27 На обороте листа с началом статьи Ф.Левина находится финал статьи В.Николаева «О творческом состязании: (Заметки о взаимодействии искусств)», опубликованной в № 6; почтовый штемпель от 20.05.1964.

28 Более того, в финал Левин добавил своего рода реплику на апрельскую редакционную статью в «Правде» (Высокая требовательность: [Обзор ред. почты] // Правда. 1964. 11 апр.), в которой Солженицына обвиняли в «уравнительном гуманизме», ненужной жалостливости и прочем, что не «вдохновляет читателя на борьбу за социалистическую нравственность». При этом редакция опиралась на мнение, якобы высказанное читателями в письмах: «...большинство наших читателей отмечают, что в свое время о произведении А.Солженицына было сказано в нашей печати немало добрых слов. Но эта справедливая поддержка никак не означает, что все в повести безоговорочно хорошо, что она может служить высоким образцом, чуть ли не эталоном литературного творчества». Подобные доводы и парировал Левин в своей статье: «В речи на встрече руководителей партии и правительства с деятелями культуры и искусства 8 марта 1963 года Н.С.Хрущев говорил, что тема жизни людей в ссылке, в тюрьмах, в лагерях — “это очень опасная тема и трудный материал”, что писать об этом должны не любители сенсаций и “жареного”, а люди, чувствующие ответственность “за наш сегодняшний день и будущее нашей страны и партии”. Именно с таким чувством ответственности подошел к этой теме А.Солженицын в своей повести. Не скрывая правды, рассказал он о нарушениях революционной законности, которые были распространены в нашей стране в период культа личности Сталина и принесли большой ущерб народу и партии. Но повесть А.Солженицына не рождает упаднических настроений и чувств, она убеждает в жизнестойкости советского человека <...> Образ Ивана Денисовича — жизнеутверждающий образ. Правдивая повесть А.Солженицына по праву занимает видное место в нашей современной литературе».

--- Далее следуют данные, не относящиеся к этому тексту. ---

lemma even_witness_not_dvd_earlier:
  assumes "strategy_pick N x" "even_pick N y" "picked_before N x y" "x = witness N y * t"
  shows False
proof -
  define k where "k = witness N y"
  have y: "N < 2 * y" "phase N y = 3"
    using assms(2) by (auto simp: even_pick_def phase_def)
  have x: "x = k * t" "0 < t"
    using assms(4) strategy_pick_range[OF assms(1)] unfolding k_def by (auto intro: gr0I)
  consider "phase N x = 0" | "phase N x = 1" | "phase N x = 2" | "phase N x = 3" "x < y"
    using assms(3) y by (auto simp: picked_before_def less_Suc_eq eval_nat_numeral)
  note cases = this
  show False
  proof (cases "\<not> 4 dvd y \<and> 3 * y \<le> 2 * N")
    case True
    then have y3: "y = 3 * k"
      using assms(2) y by (auto simp: k_def witness_def even_pick_def)
    then have k: "N < 6 * k" "9 * k \<le> 2 * N" "even k" "\<not> 4 dvd k"
      using True assms(2) y by (auto simp: even_pick_def)
    from cases show False
    proof cases
      case 1
      then have pick: "low_pick N x"
        using strategy_pick_phase(1)[OF assms(1)] by simp
      have "4 * t < 6"
        using pick multiple_factor_less[OF x(1), of 4 6] k by (auto simp: low_pick_def)
      then have "t = 1"
        using x(2) by auto
      then show False
        using pick x k by (auto simp: low_pick_def)
    next
      case 2
      then show False
        using strategy_pick_phase(2)[OF assms(1)] x k by (auto simp: five_pick_def)
    next
      case 3
      then show False
        using strategy_pick_phase(3)[OF assms(1)] x k by (auto simp: three_pick_def)
    next
      case 4
      then have pick: "even_pick N x"
        using strategy_pick_phase(4)[OF assms(1)] by simp
      have "t < 3"
        using multiple_factor_less[OF x(1), of 1 3] 4 y3 by simp
      then have "t = 1 \<or> t = 2"
        using x(2) by auto
      then show False
        using pick x k by (auto simp: even_pick_def)
    qed
  next
    case False
    then have y2: "y = 2 * k"
      using assms(2) y by (auto simp: k_def witness_def even_pick_def)
    then have k: "N < 4 * k" "2 * k \<le> N" "even k \<or> N < 3 * k"
      using False assms(2) y by (auto simp: even_pick_def)
    from cases show False
    proof cases
      case 1
      then have "low_pick N x"
        using strategy_pick_phase(1)[OF assms(1)] by simp
      then have "4 * t < 4"
        using multiple_factor_less[OF x(1), of 4 4] k by (auto simp: low_pick_def)
      then show False
        using x by simp
    next
      case 2
      then have pick: "five_pick N x"
        using strategy_pick_phase(2)[OF assms(1)] by simp
      have "t < 4"
        using pick multiple_factor_less[OF x(1), of 1 4] k by (auto simp: five_pick_def)
      then have "t = 1 \<or> t = 2 \<or> t = 3"
        using x(2) by auto
      then show False
        using pick x k by (auto simp: five_pick_def)
    next
      case 3
      then have pick: "three_pick N x"
        using strategy_pick_phase(3)[OF assms(1)] by simp
      have "t < 4"
        using pick multiple_factor_less[OF x(1), of 1 4] k by (auto simp: three_pick_def)
      then have "t = 1 \<or> t = 2 \<or> t = 3"
        using x(2) by auto
      then show False
        using pick x k by (auto simp: three_pick_def)
    next
      case 4
      then have pick: "even_pick N x"
        using strategy_pick_phase(4)[OF assms(1)] by simp
      have "t < 2"
        using multiple_factor_less[OF x(1), of 1 2] 4 y2 by simp
      then have "t = 1"
        using x(2) by auto
      then show False
        using pick x k by (auto simp: even_pick_def)
    qed
  qed
qed

lemma witness_not_dvd_earlier_pick:
  assumes "strategy_pick N x" "strategy_pick N y" "picked_before N x y"
  shows "\<not> witness N y dvd x"
proof
  assume "witness N y dvd x"
  then obtain t where "x = witness N y * t" ..
  with assms show False
    unfolding strategy_pick_def[of N y]
    by (metis low_witness_not_dvd_earlier five_witness_not_dvd_earlier
        three_witness_not_dvd_earlier even_witness_not_dvd_earlier)
qed

definition picks_upto :: "nat \<Rightarrow> (nat \<Rightarrow> bool) \<Rightarrow> nat list" where
  "picks_upto N P = filter P [1..<N + 1]"

definition strategy :: "nat \<Rightarrow> nat list" where
  "strategy N = picks_upto N (low_pick N) @ picks_upto N (five_pick N) @
     picks_upto N (three_pick N) @ picks_upto N (even_pick N)"

lemma set_picks_upto: "set (picks_upto N P) = {p. 1 \<le> p \<and> p \<le> N \<and> P p}"
  unfolding picks_upto_def by auto

lemma sum_list_picks_upto: "sum_list (picks_upto N P) = \<Sum>{p. 1 \<le> p \<and> p \<le> N \<and> P p}"
proof -
  have "distinct (picks_upto N P)"
    unfolding picks_upto_def by (simp del: upt_Suc)
  then have "sum_list (picks_upto N P) = (\<Sum>p \<in> set (picks_upto N P). p)"
    using sum_list_distinct_conv_sum_set[of "picks_upto N P" "\<lambda>p. p"] by simp
  then show ?thesis
    by (simp add: set_picks_upto)
qed

lemma strategy_pick_of_mem_strategy: "x \<in> set (strategy N) \<Longrightarrow> strategy_pick N x"
  unfolding strategy_def strategy_pick_def by (auto simp: set_picks_upto)

lemma phase_low: "low_pick N p \<Longrightarrow> phase N p = 0"
  and phase_five: "five_pick N p \<Longrightarrow> phase N p = 1"
  and phase_three: "three_pick N p \<Longrightarrow> phase N p = 2"
  and phase_even: "even_pick N p \<Longrightarrow> phase N p = 3"
  unfolding phase_def low_pick_def five_pick_def three_pick_def even_pick_def by auto

lemma sorted_picks_upto:
  assumes "\<And>p. P p \<Longrightarrow> phase N p = c"
  shows "sorted_wrt (picked_before N) (picks_upto N P)"
proof -
  have "sorted_wrt (<) (picks_upto N P)"
    unfolding picks_upto_def by (intro sorted_wrt_filter sorted_wrt_upt)
  then show ?thesis
    by (rule sorted_wrt_mono_rel[rotated])
      (auto simp: picked_before_def set_picks_upto assms)
qed

lemma sorted_strategy: "sorted_wrt (picked_before N) (strategy N)"
  unfolding strategy_def sorted_wrt_append
  by (auto intro!: sorted_picks_upto simp: set_picks_upto picked_before_def
      phase_low phase_five phase_three phase_even)

lemma legal_seq_strategy: "legal_seq {1..N} (strategy N)"
proof -
  let ?pws = "map (\<lambda>y. (y, witness N y)) (strategy N)"
  have "\<forall>(p, w) \<in> set ?pws. p \<in> {1..N} \<and> w \<in> {1..N} \<and> w dvd p \<and> w \<noteq> p"
    using witness_proper_divisor strategy_pick_range strategy_pick_of_mem_strategy
    by fastforce
  moreover have "sorted_wrt (\<lambda>(p, _) (_, w). \<not> w dvd p) ?pws"
    unfolding sorted_wrt_map using sorted_strategy
    by (rule sorted_wrt_mono_rel[rotated])
      (auto dest: witness_not_dvd_earlier_pick strategy_pick_of_mem_strategy)
  ultimately have "legal_seq {1..N} (map fst ?pws)"
    by (rule legal_seq_witnessed)
  then show ?thesis
    by (simp add: comp_def)
qed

29 Петр Нилович Демичев (1918–2010) — партийный и государственный деятель, член ЦК КПСС (1961–1989), кандидат в члены Политбюро ЦК КПСС (1964–1988).

30 Солженицын А. 2018. С. 118.

31 Рукопись и письмо (см. далее) принесла Эткиндам Q (Кью) — Елизавета Денисовна Воронянская (1906–1973), многолетняя помощница, машинистка и хранительница рукописей Солженицына. В 1973 г. после обысков и многочасовых допросов в КГБ указала место хранения «Архипелага ГУЛАГ» и умерла при неизвестных обстоятельствах. Ср.: «Много доброго Екатерина Фёдоровна сделала для Кью — посещала в болезнях, помогала врачами, приючала у себя на даче» (Солженицын А. 2018. С. 472).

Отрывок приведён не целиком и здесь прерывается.